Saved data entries
(* Let $\mathcal{R}$ be a left-connected rewriting system over a signature $\Sigma$, let $L_1\xleftarrow{[i_1,o_1]}K_1\to R_1$ and $L_2\xleftarrow{[i_2,o_2]}K_2\to R_2$ be rules of $\mathcal{R}$, and let $(g_1,g_2\colon G\to L_1+L_2)$ be a gluing scheme yielding a pre-critical pair, with gluing $\epsilon\colon L_1+L_2\twoheadrightarrow S=\mathtt{coeq}(g_1,g_2)$ and interface $in(S)+out(S)\xrightarrow{[\subseteq,\subseteq]}S$. This pre-critical pair is parallel if and only if both of the following hold: (1) no hyperedge of $L_1$ is glued to a hyperedge of $L_2$; and (2) whenever a node $v_1$ of $L_1$ and a node $v_2$ of $L_2$ are glued, $v_1$ lies in the interface of $L_1$ (the image of $[i_1,o_1]$, i.e. $in(L_1)\cup out(L_1)$) and $v_2$ lies in the interface of $L_2$ (the image of $[i_2,o_2]$).
   Context: A signature $\Sigma$ is a set of triples $(x,n,m)$ (label, arity, coarity). A $\Sigma$-hypergraph $G=(V,E,s,t,l)$ has finite sets $V$ (nodes), $E$ (hyperedges), maps $s,t\colon E\to V^*$ (lists of sources/targets) and a labelling $l\colon E\to\Sigma$ sending a hyperedge with $n$ sources and $m$ targets to some $(x,n,m)$. Morphisms preserve sources, targets and labels; they form the category $\mathbf{Hyp}_\Sigma$, where colimits are computed componentwise and monos/epis are injective/surjective on nodes and hyperedges. Composition is written $f;g$; $\iota_1,\iota_2$ are coprojections. A hypergraph is discrete if it has no hyperedges. A path is a list of hyperedges $[e_1,\dots,e_n]$ with some target of $e_k$ equal to a source of $e_{k+1}$ for each $k$; it goes from $v$ to $v'$ if $v$ is a source of $e_1$ and $v'$ a target of $e_n$; a cycle is a path with some source of $e_1$ a target of $e_n$. In-degree (out-degree) of a node $v$: number of pairs $(e,i)$ with $v$ the $i$-th target (source) of $e$; $in(H)$, $out(H)$: nodes of in-degree $0$, out-degree $0$. $H$ is ma (monogamous acyclic) if it has no cycle and all in- and out-degrees are $\le 1$. A cospan $I\to H\leftarrow O$ with $I,O$ discrete is an ma-cospan if $H$ is ma and the legs are mono with images $in(H)$ and $out(H)$. $H$ is strongly connected if for all $x\in in(H)$, $y\in out(H)$ there is a path from $x$ to $y$. A left-connected rule is a span $L\xleftarrow{[i_L,o_L]}K=I+O\xrightarrow{[i_R,o_R]}R$ with $I,O$ discrete, $I\to L\leftarrow O$ and $I\to R\leftarrow O$ ma-cospans, $[i_L,o_L]$ mono and $L$ strongly connected; a left-connected rewriting system is a finite set of such rules. A convex match is a mono $m\colon L\to G$ such that every path in $G$ between two nodes of $m(L)$ has all its hyperedges in $m(L)$. A derivation between ma-cospans $n\to G\leftarrow m$ and $n\to H\leftarrow m$ via a rule $L\leftarrow K\to R$ is given by a convex match $L\to G$, a hypergraph $C$ and a diagram $G\leftarrow C\to H$, $K\to C$, $R\to H$, $n+m\to C$ in which $K,L,C,G$ and $K,R,C,H$ are pushout squares (the left one a boundary complement, automatic for left-connected systems) and everything commutes with the interfaces; for left-connected systems mono matches are automatically convex and pushout complements exist uniquely. A pre-critical pair consists of two derivations, via rules $L_1\leftarrow K_1\to R_1$ and $L_2\leftarrow K_2\to R_2$ with pushout complements $C_1, C_2$, from a common ma-cospan $n\to S\leftarrow m$ with matches $m_1,m_2$ such that $[m_1,m_2]\colon L_1+L_2\to S$ is epi. It is parallel if there exist morphisms $g_1\colon L_1\to C_2$ and $g_2\colon L_2\to C_1$ such that $g_1$ followed by $C_2\to S$ equals $m_1$ and $g_2$ followed by $C_1\to S$ equals $m_2$. A gluing scheme for $L_1,L_2$ is a $\Sigma$-hypergraph $G$ with morphisms $g_1,g_2\colon G\to L_1+L_2$; its gluing is the coequaliser $\epsilon\colon L_1+L_2\to S=\mathtt{coeq}(g_1,g_2)$. Two nodes (or hyperedges) $x,x'$ of $L_1+L_2$ are glued if some node (hyperedge) $y$ of $G$ has $g_1(y)=x$, $g_2(y)=x'$. The gluing scheme yields a pre-critical pair if $\iota_1;\epsilon$ and $\iota_2;\epsilon$ are mono and $in(S)\xrightarrow{\subseteq}S\xleftarrow{\subseteq}out(S)$ is an ma-cospan; the pre-critical pair is then formed by the (unique) derivations from this ma-cospan with matches $\iota_1;\epsilon$ and $\iota_2;\epsilon$. *)

theory Defs
  imports Main
begin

## Task directions
All of the records above are to be printed again exactly as they appear.

## Solved exercise
(* Let $\mathcal{R}$ be a left-connected rewriting system over a signature $\Sigma$, let $L_1\xleftarrow{[i_1,o_1]}K_1\to R_1$ and $L_2\xleftarrow{[i_2,o_2]}K_2\to R_2$ be rules of $\mathcal{R}$, and let $(g_1,g_2\colon G\to L_1+L_2)$ be a gluing scheme yielding a pre-critical pair, with gluing $\epsilon\colon L_1+L_2\twoheadrightarrow S=\mathtt{coeq}(g_1,g_2)$ and interface $in(S)+out(S)\xrightarrow{[\subseteq,\subseteq]}S$. This pre-critical pair is parallel if and only if both of the following hold: (1) no hyperedge of $L_1$ is glued to a hyperedge of $L_2$; and (2) whenever a node $v_1$ of $L_1$ and a node $v_2$ of $L_2$ are glued, $v_1$ lies in the interface of $L_1$ (the image of $[i_1,o_1]$, i.e. $in(L_1)\cup out(L_1)$) and $v_2$ lies in the interface of $L_2$ (the image of $[i_2,o_2]$).
   Context: A signature $\Sigma$ is a set of triples $(x,n,m)$ (label, arity, coarity). A $\Sigma$-hypergraph $G=(V,E,s,t,l)$ has finite sets $V$ (nodes), $E$ (hyperedges), maps $s,t\colon E\to V^*$ (lists of sources/targets) and a labelling $l\colon E\to\Sigma$ sending a hyperedge with $n$ sources and $m$ targets to some $(x,n,m)$. Morphisms preserve sources, targets and labels; they form the category $\mathbf{Hyp}_\Sigma$, where colimits are computed componentwise and monos/epis are injective/surjective on nodes and hyperedges. Composition is written $f;g$; $\iota_1,\iota_2$ are coprojections. A hypergraph is discrete if it has no hyperedges. A path is a list of hyperedges $[e_1,\dots,e_n]$ with some target of $e_k$ equal to a source of $e_{k+1}$ for each $k$; it goes from $v$ to $v'$ if $v$ is a source of $e_1$ and $v'$ a target of $e_n$; a cycle is a path with some source of $e_1$ a target of $e_n$. In-degree (out-degree) of a node $v$: number of pairs $(e,i)$ with $v$ the $i$-th target (source) of $e$; $in(H)$, $out(H)$: nodes of in-degree $0$, out-degree $0$. $H$ is ma (monogamous acyclic) if it has no cycle and all in- and out-degrees are $\le 1$. A cospan $I\to H\leftarrow O$ with $I,O$ discrete is an ma-cospan if $H$ is ma and the legs are mono with images $in(H)$ and $out(H)$. $H$ is strongly connected if for all $x\in in(H)$, $y\in out(H)$ there is a path from $x$ to $y$. A left-connected rule is a span $L\xleftarrow{[i_L,o_L]}K=I+O\xrightarrow{[i_R,o_R]}R$ with $I,O$ discrete, $I\to L\leftarrow O$ and $I\to R\leftarrow O$ ma-cospans, $[i_L,o_L]$ mono and $L$ strongly connected; a left-connected rewriting system is a finite set of such rules. A convex match is a mono $m\colon L\to G$ such that every path in $G$ between two nodes of $m(L)$ has all its hyperedges in $m(L)$. A derivation between ma-cospans $n\to G\leftarrow m$ and $n\to H\leftarrow m$ via a rule $L\leftarrow K\to R$ is given by a convex match $L\to G$, a hypergraph $C$ and a diagram $G\leftarrow C\to H$, $K\to C$, $R\to H$, $n+m\to C$ in which $K,L,C,G$ and $K,R,C,H$ are pushout squares (the left one a boundary complement, automatic for left-connected systems) and everything commutes with the interfaces; for left-connected systems mono matches are automatically convex and pushout complements exist uniquely. A pre-critical pair consists of two derivations, via rules $L_1\leftarrow K_1\to R_1$ and $L_2\leftarrow K_2\to R_2$ with pushout complements $C_1, C_2$, from a common ma-cospan $n\to S\leftarrow m$ with matches $m_1,m_2$ such that $[m_1,m_2]\colon L_1+L_2\to S$ is epi. It is parallel if there exist morphisms $g_1\colon L_1\to C_2$ and $g_2\colon L_2\to C_1$ such that $g_1$ followed by $C_2\to S$ equals $m_1$ and $g_2$ followed by $C_1\to S$ equals $m_2$. A gluing scheme for $L_1,L_2$ is a $\Sigma$-hypergraph $G$ with morphisms $g_1,g_2\colon G\to L_1+L_2$; its gluing is the coequaliser $\epsilon\colon L_1+L_2\to S=\mathtt{coeq}(g_1,g_2)$. Two nodes (or hyperedges) $x,x'$ of $L_1+L_2$ are glued if some node (hyperedge) $y$ of $G$ has $g_1(y)=x$, $g_2(y)=x'$. The gluing scheme yields a pre-critical pair if $\iota_1;\epsilon$ and $\iota_2;\epsilon$ are mono and $in(S)\xrightarrow{\subseteq}S\xleftarrow{\subseteq}out(S)$ is an ma-cospan; the pre-critical pair is then formed by the (unique) derivations from this ma-cospan with matches $\iota_1;\epsilon$ and $\iota_2;\epsilon$. *)

theory Defs
  imports Main
begin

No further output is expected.